You are currently viewing One-on-One with Sarah Geiger-Behm

One-on-One with Sarah Geiger-Behm

Q: Why did you want to join Wimberg Landscaping?
A: I visited the pollinator garden at Wimberg Landscaping’s office in August and I was blown away by it. I can’t think of a better example of naturalistic garden design in the Cincinnati area. It says a lot to me that a landscaping company chose to put in this kind of garden. I knew immediately that I wanted to learn more about Wimberg and the kinds of projects they do.

Q: What was your first gardening experience like?
A: On a whim, I took a summer job at Spring Grove Cemetery & Arboretum the summer after I graduated high school. I was string trimming 40 hours a week and it was the hardest work I had ever done. It was hot and unpleasant, and my parents couldn’t believe I was doing it, but looking back I realize I was falling in love with gardens and landscapes that summer. It’s one of the most beautifully designed landscapes in the Midwest, and I started to see what these kinds of spaces can mean to people, and to me. I know that experience changed me for the better and I believe that gardens can do that for others, if given the chance.

Q:  Were you always drawn to gardening with nature in mind? What inspired you to garden with nature?
A: That’s a good question. I got my start in horticulture in an arboretum, so there was always an emphasis on plant diversity, but it was more about working with a big collection of plants from all over the world and less about what those plants do for the ecosystem locally. In the beginning I wasn’t thinking of gardens as a form of habitat, it was really just about loving plants in and of themselves. I think there’s been a huge shift in thinking over the last decade, among professional gardeners and home gardeners, too. We’re all thinking more about how our gardens fit into the bigger picture. We’re losing our wild spaces year after year, and at some point, you realize that it really matters what plants we’re using in our gardens.

I started hiking a few years ago to get back in shape after having my kids, and at first I was struck by how much I didn’t know about wild plants. I’ve spent much of my life working with plants, and I understood so little about my own native landscape. I saw a smooth hydrangea and recognized it as the wild cousin of a garden plant, and I thought, “What else is out here?” I started taking pictures and using iNaturalist to learn everything I could about the plants in the woods and meadows in our area and beyond. When you see how a plant grows in the wild, where it likes to be and what other plants it likes to grow near, it’s like a light bulb goes off. I’m always so inspired by these spaces and looking for ways to bring great native plants into our designed spaces.

Q: What do you find to be the biggest obstacle or hurdle when it comes to inspiring homeowners to plant with nature in mind? What do you do to help them see the benefit for us and for nature to plant in this manner?
A: I think it’s just so unfamiliar to most of us. We’re not used to seeing it, and it’s difficult to make what feels like a drastic change if you feel like you’re still learning something new. But it doesn’t have to be an all or nothing thing. You don’t have to rip everything out and start from scratch, although that can be a great way to do it if you have the budget. What’s most important is to add plants with ecological value where you can, when you can, and go from there. Learn what you like, what works in your space and keep doing it. That’s how gardening works–you try something, and you learn from it, and you react to what you’ve learned and over time you grow something amazing.

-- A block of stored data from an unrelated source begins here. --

definition stratification :: "('a::field \<Rightarrow> 'b::ab_group_add \<Rightarrow> 'b) \<Rightarrow> ('b \<Rightarrow> 'b) \<Rightarrow> ('i \<times> 'i) set \<Rightarrow> ('i \<Rightarrow> 'b set) \<Rightarrow> bool" where
  "stratification scale u r M \<longleftrightarrow>
     Well_order r \<and> Field r \<noteq> {} \<and>
     (\<forall>\<alpha>\<in>Field r. submodule scale u (M \<alpha>)) \<and>
     (\<forall>\<alpha>\<in>Field r. \<forall>\<beta>\<in>Field r. (\<beta>, \<alpha>) \<in> r \<longrightarrow> M \<beta> \<subseteq> M \<alpha>) \<and>
     (\<forall>\<alpha>\<in>Field r. nonzero_cyclic_quotient scale u (M \<alpha>) (lower_sum scale r M \<alpha>)) \<and>
     module.span scale (\<Union>\<alpha>\<in>Field r. M \<alpha>) = UNIV"

definition is_minimum :: "('i \<times> 'i) set \<Rightarrow> 'i \<Rightarrow> bool" where
  "is_minimum r \<alpha> \<longleftrightarrow> \<alpha> \<in> Field r \<and> (\<forall>\<beta>\<in>Field r. (\<alpha>, \<beta>) \<in> r)"

definition is_successor_of :: "('i \<times> 'i) set \<Rightarrow> 'i \<Rightarrow> 'i \<Rightarrow> bool" where
  "is_successor_of r \<alpha> \<beta> \<longleftrightarrow> (\<beta>, \<alpha>) \<in> r \<and> \<beta> \<noteq> \<alpha> \<and>
     \<not> (\<exists>\<gamma>. (\<beta>, \<gamma>) \<in> r \<and> \<beta> \<noteq> \<gamma> \<and> (\<gamma>, \<alpha>) \<in> r \<and> \<gamma> \<noteq> \<alpha>)"

definition has_maximum :: "('i \<times> 'i) set \<Rightarrow> bool" where
  "has_maximum r \<longleftrightarrow> (\<exists>\<alpha>\<in>Field r. \<forall>\<beta>\<in>Field r. (\<beta>, \<alpha>) \<in> r)"

definition good_stratification :: "('a::field \<Rightarrow> 'b::ab_group_add \<Rightarrow> 'b) \<Rightarrow> ('b \<Rightarrow> 'b) \<Rightarrow> ('i \<times> 'i) set \<Rightarrow> ('i \<Rightarrow> 'b set) \<Rightarrow> bool" where
  "good_stratification scale u r M \<longleftrightarrow>
     stratification scale u r M \<and>
     (\<forall>\<alpha>\<in>Field r. (is_minimum r \<alpha> \<or> (\<exists>\<beta>\<in>Field r. is_successor_of r \<alpha> \<beta>)) \<longrightarrow>
        quotient_dim_ge2 scale (M \<alpha>) (lower_sum scale r M \<alpha>)) \<and>
     \<not> has_maximum r"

Q: What are three insights you would like to share with homeowners who are considering planting for pollinators?
A: First, you will love your pollinator garden. They really are so rewarding in terms of the beauty they offer and daily changes, the way they root you to the seasons and the passage of time. It’s like watching a drama unfold and you’ll start looking forward to this or that time of year for particular plants or wildlife that will visit.

Second, you might be surprised how it connects you to your neighbors. It’s a great conversation starter and I find that people are so curious about pollinator gardens. If you put one in your front yard, you won’t be the only one who grows to love it.

And finally, when you plant with nature in mind, it’s not like your garden might support the pollinators and birds, it’s an absolute certainty that it will. Sometimes the pollinators find the plants even before we can plant them in the ground. You will be amazed at how much wildlife you can support in even a small area.

Q: What can a client expect when they arrange to meet with you to discuss a new garden plan?
A: We will walk your property together and talk about your goals, what you want and don’t want, and how we can help you. I don’t want to impose a one-size-fits-all vision on anyone, but I do want to use my knowledge and experience to help you achieve the best use of space for you and your goals. If you have a specific idea, that’s great, and if not, that’s great too. I love a good creative challenge. I always have nature in mind when thinking about a design, but for me beauty is just as important. I want you to love your garden, to connect with it in a deeper way, and for you to feel fully grounded in your own space. After all, gardens are habitats for people too. I’ll be asking how you spend time in your garden, what your views are like into the garden, and other ways you will experience your outdoor spaces.